Нет, хватит. Невозможно долее ждать, ведь есть же предел силам человеческим!

Затаив дыхание, вслушался: всхлипываний Анны уже не слышно – спит как убитая, сморенная усталостью бесконечного дня и горькими слезами.

Встал… бесшумно вышел в другую комнату: пустой дом весь полон таинственных шорохов и треска, и снизу уже отчетливо тянет дымом.

Вернулся в опочивальню, взял свечу. О, какое юное, какое сердитое лицо у Анны! Она злится даже во сне. Ну что ж, тем лучше. Тем легче!

– Прощай. Прощай, – едва слышно шепнул князь Федор, поднося свечу к пологу… и заслонился рукою от облака ярого пламени, взметнувшегося над его головой.

* * *

– Ох, еще слово… словечко еще! Княгиня моя!

– Матушка! Матушка родненькая!

Александр Данилыч и Сашенька, младшая дочь его, вновь и вновь припадали к свежезасыпанной могиле. Сын светлейшего, тоже Александр, стоял, согнувшись, поодаль, торопливо крестился, но не кричал голосом – тихонько подвывал, словно телок, лишившийся матери.

И она… та самая… Крюковский, начальник охраны, с опаскою смерил взглядом стройный стан, содрогавшийся от рыданий, темно-русую склоненную голову, в отчаянии стиснутые руки. Она плакала тихо, даже не плакала, а лила неостановимые слезы.

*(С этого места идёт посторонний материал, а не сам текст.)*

lemma dissipation_pos:
  assumes "0 < S" "0 < I" "0 < C" "0 < A" and "(S, I, C, A) \<noteq> (Se, Ie, Ce, Ae)"
  shows "0 < dissipation S I C A"
proof (rule ccontr)
  note E = endemic_pos
  assume "\<not> 0 < dissipation S I C A"
  moreover have "0 \<le> \<mu> * (S - Se)\<^sup>2 / S" "0 \<le> \<omega> * Ce * ((C / Ce - I / Ie)\<^sup>2 / (I / Ie * (C / Ce)))"
    "0 \<le> \<alpha> * Ae * ((A / Ae - I / Ie)\<^sup>2 / (I / Ie * (A / Ae)))" "0 \<le> 2 * \<mu> * (S + I + C + A - \<Lambda> / \<mu>)\<^sup>2"
    using assms E pos by simp_all
  ultimately have "\<mu> * (S - Se)\<^sup>2 / S = 0" "\<omega> * Ce * ((C / Ce - I / Ie)\<^sup>2 / (I / Ie * (C / Ce))) = 0"
    "\<alpha> * Ae * ((A / Ae - I / Ie)\<^sup>2 / (I / Ie * (A / Ae))) = 0" "2 * \<mu> * (S + I + C + A - \<Lambda> / \<mu>)\<^sup>2 = 0"
    unfolding dissipation_def by linarith+
  then have "S = Se" "C / Ce = I / Ie" "A / Ae = I / Ie" "S + I + C + A = \<Lambda> / \<mu>"
    using assms E pos by simp_all
  then have eqs: "S = Se" "C = I / Ie * Ce" "A = I / Ie * Ae" "I + C + A = Ie + Ce + Ae"
    using E endemic_balance(5) by (simp_all add: field_simps)
  then have "I / Ie * (Ie + Ce + Ae) = 1 * (Ie + Ce + Ae)" using E by (simp add: algebra_simps)
  then have "I / Ie = 1" using E by (subst (asm) mult_right_cancel) auto
  then have "I = Ie" using E by simp
  then show False using assms(5) eqs E by simp
qed

lemma lyap_ge_terms:
  assumes "0 < S" "0 < I" "0 < C" "0 < A"
  shows "Se * volterra (S / Se) \<le> lyap S I C A" "Ie * volterra (I / Ie) \<le> lyap S I C A"
    "kC * (Ce * volterra (C / Ce)) \<le> lyap S I C A" "kA * (Ae * volterra (A / Ae)) \<le> lyap S I C A"
    "0 \<le> lyap S I C A"
proof -
  have "0 \<le> Se * volterra (S / Se)" "0 \<le> Ie * volterra (I / Ie)"
    "0 \<le> kC * (Ce * volterra (C / Ce))" "0 \<le> kA * (Ae * volterra (A / Ae))"
    using volterra_nonneg assms endemic_pos weights_pos by simp_all
  then show "Se * volterra (S / Se) \<le> lyap S I C A" "Ie * volterra (I / Ie) \<le> lyap S I C A"
    "kC * (Ce * volterra (C / Ce)) \<le> lyap S I C A" "kA * (Ae * volterra (A / Ae)) \<le> lyap S I C A"
    "0 \<le> lyap S I C A"
    unfolding lyap_def by (smt (verit) zero_le_power2)+
qed
lemma qtoda_three_soliton_sum:
  fixes eps :: real and \<alpha> \<beta> \<eta> :: "nat \<Rightarrow> real"
  assumes disp: "\<And>i. i \<in> {1..3} \<Longrightarrow> (\<beta> i)\<^sup>2 = exp (\<alpha> i * eps) + exp (- (\<alpha> i * eps)) - 2"
    and nz: "\<And>i j. 1 \<le> i \<Longrightarrow> i < j \<Longrightarrow> j \<le> 3 \<Longrightarrow>
               Ppoly eps (padd (pv \<alpha> \<beta> \<eta> i) (pv \<alpha> \<beta> \<eta> j)) \<noteq> 0"
  defines "A \<equiv> Acoef eps \<alpha> \<beta> \<eta>" and "P \<equiv> \<lambda>u v w. Ppoly eps (pcomb \<alpha> \<beta> \<eta> u v w)"
  shows "(\<Sum>m\<in>modes. \<Sum>n\<in>modes. weight (A 1 2) (A 1 3) (A 2 3) e1 e2 e3 m
           * weight (A 1 2) (A 1 3) (A 2 3) e1 e2 e3 n
           * P (real (fst m) - real (fst n)) (real (fst (snd m)) - real (fst (snd n)))
               (real (snd (snd m)) - real (snd (snd n)))) = 0"
proof (rule three_soliton_cancellation)
  show "P (- u) (- v) (- w) = P u v w" for u v w
    unfolding P_def by (rule Ppoly_pcomb_even)
  show "P 0 0 0 = 0"
    by (simp add: P_def Ppoly_def pcomb_def)
  show "P 1 0 0 = 0" "P 0 1 0 = 0" "P 0 0 1 = 0"
    using disp[of 1] disp[of 2] disp[of 3] by (simp_all add: P_def Ppoly_def pcomb_def)
  show "A 1 2 * P 1 1 0 + P 1 (- 1) 0 = 0" "A 1 3 * P 1 0 1 + P 1 0 (- 1) = 0"
    "A 2 3 * P 0 1 1 + P 0 1 (- 1) = 0"
    using Acoef_phase_shift[OF nz[of 1 2]] Acoef_phase_shift[OF nz[of 1 3]]
      Acoef_phase_shift[OF nz[of 2 3]]
    by (simp_all add: A_def P_def pcomb_def padd_def psub_def pv_def)
  show "A 1 2 * A 1 3 * A 2 3 * P 1 1 1 + A 1 2 * P 1 1 (- 1) + A 1 3 * P 1 (- 1) 1
        + A 2 3 * P (- 1) 1 1 = 0"
    unfolding A_def P_def using disp nz by (rule qtoda_three_condition)
qed

theorem mainTheorem4:
  fixes eps :: real and \<alpha> \<beta> \<eta> :: "nat \<Rightarrow> real"
  assumes disp: "\<And>i. i \<in> {1..3} \<Longrightarrow> (\<beta> i)^2 = exp (\<alpha> i * eps) + exp (- (\<alpha> i * eps)) - 2"
    and nz: "\<And>i j. 1 \<le> i \<Longrightarrow> i < j \<Longrightarrow> j \<le> 3 \<Longrightarrow>
               Ppoly eps (padd (pv \<alpha> \<beta> \<eta> i) (pv \<alpha> \<beta> \<eta> j)) \<noteq> 0"
  shows "\<forall>x t. x \<noteq> 0 \<and> 1 - eps * x \<noteq> 0 \<and> 1 + eps * x \<noteq> 0 \<longrightarrow>
           qToda_bilinear eps (three_soliton eps \<alpha> \<beta> \<eta>) x t = 0"
proof (intro allI impI)
  fix x t :: real
  assume "x \<noteq> 0 \<and> 1 - eps * x \<noteq> 0 \<and> 1 + eps * x \<noteq> 0"
  then have x: "x \<noteq> 0" "1 - eps * x \<noteq> 0" "1 + eps * x \<noteq> 0"
    by auto
  have "qToda_bilinear eps (three_soliton eps \<alpha> \<beta> \<eta>) x t
      = (\<Sum>m\<in>modes. \<Sum>n\<in>modes.
           weight (Acoef eps \<alpha> \<beta> \<eta> 1 2) (Acoef eps \<alpha> \<beta> \<eta> 1 3) (Acoef eps \<alpha> \<beta> \<eta> 2 3)
             (exp (theta \<alpha> \<beta> \<eta> 1 x t)) (exp (theta \<alpha> \<beta> \<eta> 2 x t)) (exp (theta \<alpha> \<beta> \<eta> 3 x t)) m
         * weight (Acoef eps \<alpha> \<beta> \<eta> 1 2) (Acoef eps \<alpha> \<beta> \<eta> 1 3) (Acoef eps \<alpha> \<beta> \<eta> 2 3)
             (exp (theta \<alpha> \<beta> \<eta> 1 x t)) (exp (theta \<alpha> \<beta> \<eta> 2 x t)) (exp (theta \<alpha> \<beta> \<eta> 3 x t)) n
         * Ppoly eps (pcomb \<alpha> \<beta> \<eta> (real (fst m) - real (fst n))
             (real (fst (snd m)) - real (fst (snd n))) (real (snd (snd m)) - real (snd (snd n)))))"
    unfolding three_soliton_modes hirota_exp_sum[OF x]
    unfolding weight_mode psub_mode ..
  also have "\<dots> = 0"
    using disp nz by (rule qtoda_three_soliton_sum)
  finally show "qToda_bilinear eps (three_soliton eps \<alpha> \<beta> \<eta>) x t = 0" .
qed

end
(* Suppose $\|\mu_a\|_\infty,\|\widehat\mu_a\|_\infty\le B<\infty$ a.s. for all $a$, and $\mathbb{P}\{\epsilon\le\widehat\pi_a(X)\le1-\epsilon\}=1$ for some $\epsilon>0$ and all $a$. Then for any $a\in\mathcal{A}$, $$\mathbb{P}\{\varphi_{2,a}(\widehat\eta)-\varphi_{2,a}(\eta)\}\lesssim\|\widehat\mu_a-\mu_a\|\big(\|\widehat\mu_a-\mu_a\|+\|\widehat\pi_a-\pi_a\|\big).$$
   Context: $Z=(Y,A,X)\sim\mathbb{P}$, $A\in\mathcal{A}=\{1,\dots,p\}$. $\mu_a(X)=\mathbb{E}(Y\mid X,A=a)$, $\pi_a(X)=\mathbb{P}(A=a\mid X)$, $\eta=\{\pi_a,\mu_a\}_a$; $\widehat\eta=\{\widehat\pi_a,\widehat\mu_a\}_a$ are estimators held fixed under $\mathbb{P}$. $\varphi_{2,a}(Z;\eta)=2\mu_a(X)\frac{\mathbb{1}(A=a)}{\pi_a(X)}\{Y-\mu_A(X)\}+\mu_a^2(X)$ (and $\varphi_{2,a}(\widehat\eta)$ the same with $\widehat\mu,\widehat\pi$ in place of $\mu,\pi$). $\|f\|=(\int f^2d\mathbb{P})^{1/2}$ is the $L_2(\mathbb{P})$ norm; $\lesssim$ inequality up to a multiplicative constant. *)

theory Defs
  imports "HOL-Probability.Probability"
begin

definition phi2 :: "(nat \<Rightarrow> 'x \<Rightarrow> real) \<Rightarrow> (nat \<Rightarrow> 'x \<Rightarrow> real) \<Rightarrow> nat
    \<Rightarrow> real \<Rightarrow> nat \<Rightarrow> 'x \<Rightarrow> real" where
  "phi2 \<pi> mu a y aa x =
     2 * mu a x * (of_bool (aa = a) / \<pi> a x) * (y - mu aa x) + (mu a x)\<^sup>2"

definition L2X :: "'w measure \<Rightarrow> ('w \<Rightarrow> 'x) \<Rightarrow> ('x \<Rightarrow> real) \<Rightarrow> real" where
  "L2X M X f = sqrt (\<integral>\<omega>. (f (X \<omega>))\<^sup>2 \<partial>M)"

text \<open>The data-generating model: Z = (Y, A, X) on the probability space M,
  A takes values in {1..p}, mu_a(X) = E(Y | X, A = a) and pi_a(X) = P(A = a | X),
  expressed through the library's conditional expectation.\<close>
definition nuisance_model ::
  "'w measure \<Rightarrow> 'x measure \<Rightarrow> ('w \<Rightarrow> 'x) \<Rightarrow> ('w \<Rightarrow> nat) \<Rightarrow> ('w \<Rightarrow> real) \<Rightarrow> nat
   \<Rightarrow> (nat \<Rightarrow> 'x \<Rightarrow> real) \<Rightarrow> (nat \<Rightarrow> 'x \<Rightarrow> real) \<Rightarrow> bool" where
  "nuisance_model M MX X A Y p mu \<pi> \<longleftrightarrow>
     prob_space M \<and>
     X \<in> measurable M MX \<and> A \<in> measurable M (count_space UNIV) \<and>
     Y \<in> borel_measurable M \<and> integrable M Y \<and>
     (\<forall>\<omega>\<in>space M. A \<omega> \<in> {1..p}) \<and>
     (\<forall>a\<in>{1..p}. mu a \<in> borel_measurable MX \<and> \<pi> a \<in> borel_measurable MX) \<and>
     (AE \<omega> in M. mu (A \<omega>) (X \<omega>) =
        real_cond_exp M (vimage_algebra (space M) (\<lambda>\<omega>. (X \<omega>, A \<omega>)) (MX \<Otimes>\<^sub>M count_space UNIV)) Y \<omega>) \<and>
     (\<forall>a\<in>{1..p}. AE \<omega> in M. \<pi> a (X \<omega>) =
        real_cond_exp M (vimage_algebra (space M) X MX) (indicator {\<omega>\<in>space M. A \<omega> = a}) \<omega>)"

end

theory Submission
  imports Defs
begin
lemma a_fun_V:
  assumes \<theta>: "\<theta> > 0"
  shows "a_fun V \<theta> = pi / (2 * sqrt 2) * (c1 + 3/2 * c3 * \<theta> + 15/8 * c5 * \<theta>^2)" (is "_ = ?I")
proof -
  define f where "f y = 1 / (sqrt 2 * sqrt (\<theta> - V y))" for y
  define g where "g t = P (sqrt \<theta> * sin t)" for t
  define g' where "g' t = P' (sqrt \<theta> * sin t) * (sqrt \<theta> * cos t)" for t
  have [measurable]: "f \<in> borel_measurable borel" unfolding f_def by measurable
  have g_ends: "g 0 = 0" "g (pi/2) = P (sqrt \<theta>)" unfolding g_def by (simp_all add: P_0)
  have "a_fun V \<theta> = (LINT y|lborel. indicator {g 0..g (pi/2)} y *\<^sub>R f y)"
    unfolding a_fun_def Vinv_V[OF less_imp_le[OF \<theta>]] set_lebesgue_integral_def g_ends f_def ..
  also have "\<dots> = enn2real (\<integral>\<^sup>+y. ennreal (f y * indicator {g 0..g (pi/2)} y) \<partial>lborel)"
  proof (subst integral_eq_nn_integral)
    show "AE y in lborel. 0 \<le> indicator {g 0..g (pi/2)} y *\<^sub>R f y"
      using V_le_on_interval[of \<theta>] \<theta> by (intro AE_I2) (auto simp: g_ends f_def indicator_def)
  qed (auto simp: mult.commute)
  also have "(\<integral>\<^sup>+y. ennreal (f y * indicator {g 0..g (pi/2)} y) \<partial>lborel) =
      (\<integral>\<^sup>+t. ennreal (f (g t) * g' t * indicator {0..pi/2} t) \<partial>lborel)"
  proof (rule nn_integral_substitution)
    show "(g has_real_derivative g' t) (at t)" for t
      unfolding g_def g'_def by (auto intro!: derivative_eq_intros DERIV_chain2[OF has_real_derivative_P])
    show "0 \<le> g' t" if "t \<in> {0..pi/2}" for t
      using that P'_pos[of "sqrt \<theta> * sin t"] \<theta> cos_ge_zero[of t] unfolding g'_def by simp
    show "continuous_on {0..pi/2} g'"
      unfolding g'_def P'_def by (intro continuous_intros)
  qed (auto simp: set_borel_measurable_def)
  also have "\<dots> = (\<integral>\<^sup>+t. ennreal (indicator {0..pi/2} t * (P' (sqrt \<theta> * sin t) / sqrt 2)) \<partial>lborel)"
    using AE_lborel_singleton[of "pi/2"]
    by (intro nn_integral_cong_AE, eventually_elim)
      (use substituted_integrand[OF \<theta>] in \<open>auto simp: f_def g_def g'_def indicator_def\<close>)
  also have "\<dots> = ennreal ?I"
    using P'_pos has_integral_P'_sin \<theta> by (intro nn_integral_has_integral_lebesgue) (auto intro: less_imp_le)
  finally show ?thesis
    using has_integral_nonneg[OF has_integral_P'_sin[of \<theta>]] P'_pos \<theta> by (simp add: less_imp_le)
qed

end

lemma odd_quintic_without_cubic_term: "c1 > 0 \<Longrightarrow> c5 \<ge> 0 \<Longrightarrow> odd_quintic c1 0 c5"
  by unfold_locales (intro exI[of _ c1], simp)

Крюковский насупился. Зрелище этого безмолвного горя царапнуло очерствевшее сердце. Жалость – тьфу, пустая мука!

– Да полно, Данилыч! – поморщившись при новом истошном вопле, проворчал Крюковский, с видимым раздражением оглядываясь на дородную фигуру, обнявшую могильный холмик. – Не воротишь ведь! Да и пора нам двигать: застоялись лямошные!

«Лямошные» были бурлаки, которые, обрадовавшись малой передышке, лежали на песочке, со скукою поглядывая на пригорок, где только что небрежно опустили в наспех вырытую яму Дарью Михайловну Меншикову, в девичестве Арсеньеву, добрейшую из женщин, вернейшую из жен, нежнейшую из матерей. Не снесла тягот пути, позора, неизвестности, осиротила мужа и троих детей, которым не дали и похоронить родимую толком – вновь торопили в путь.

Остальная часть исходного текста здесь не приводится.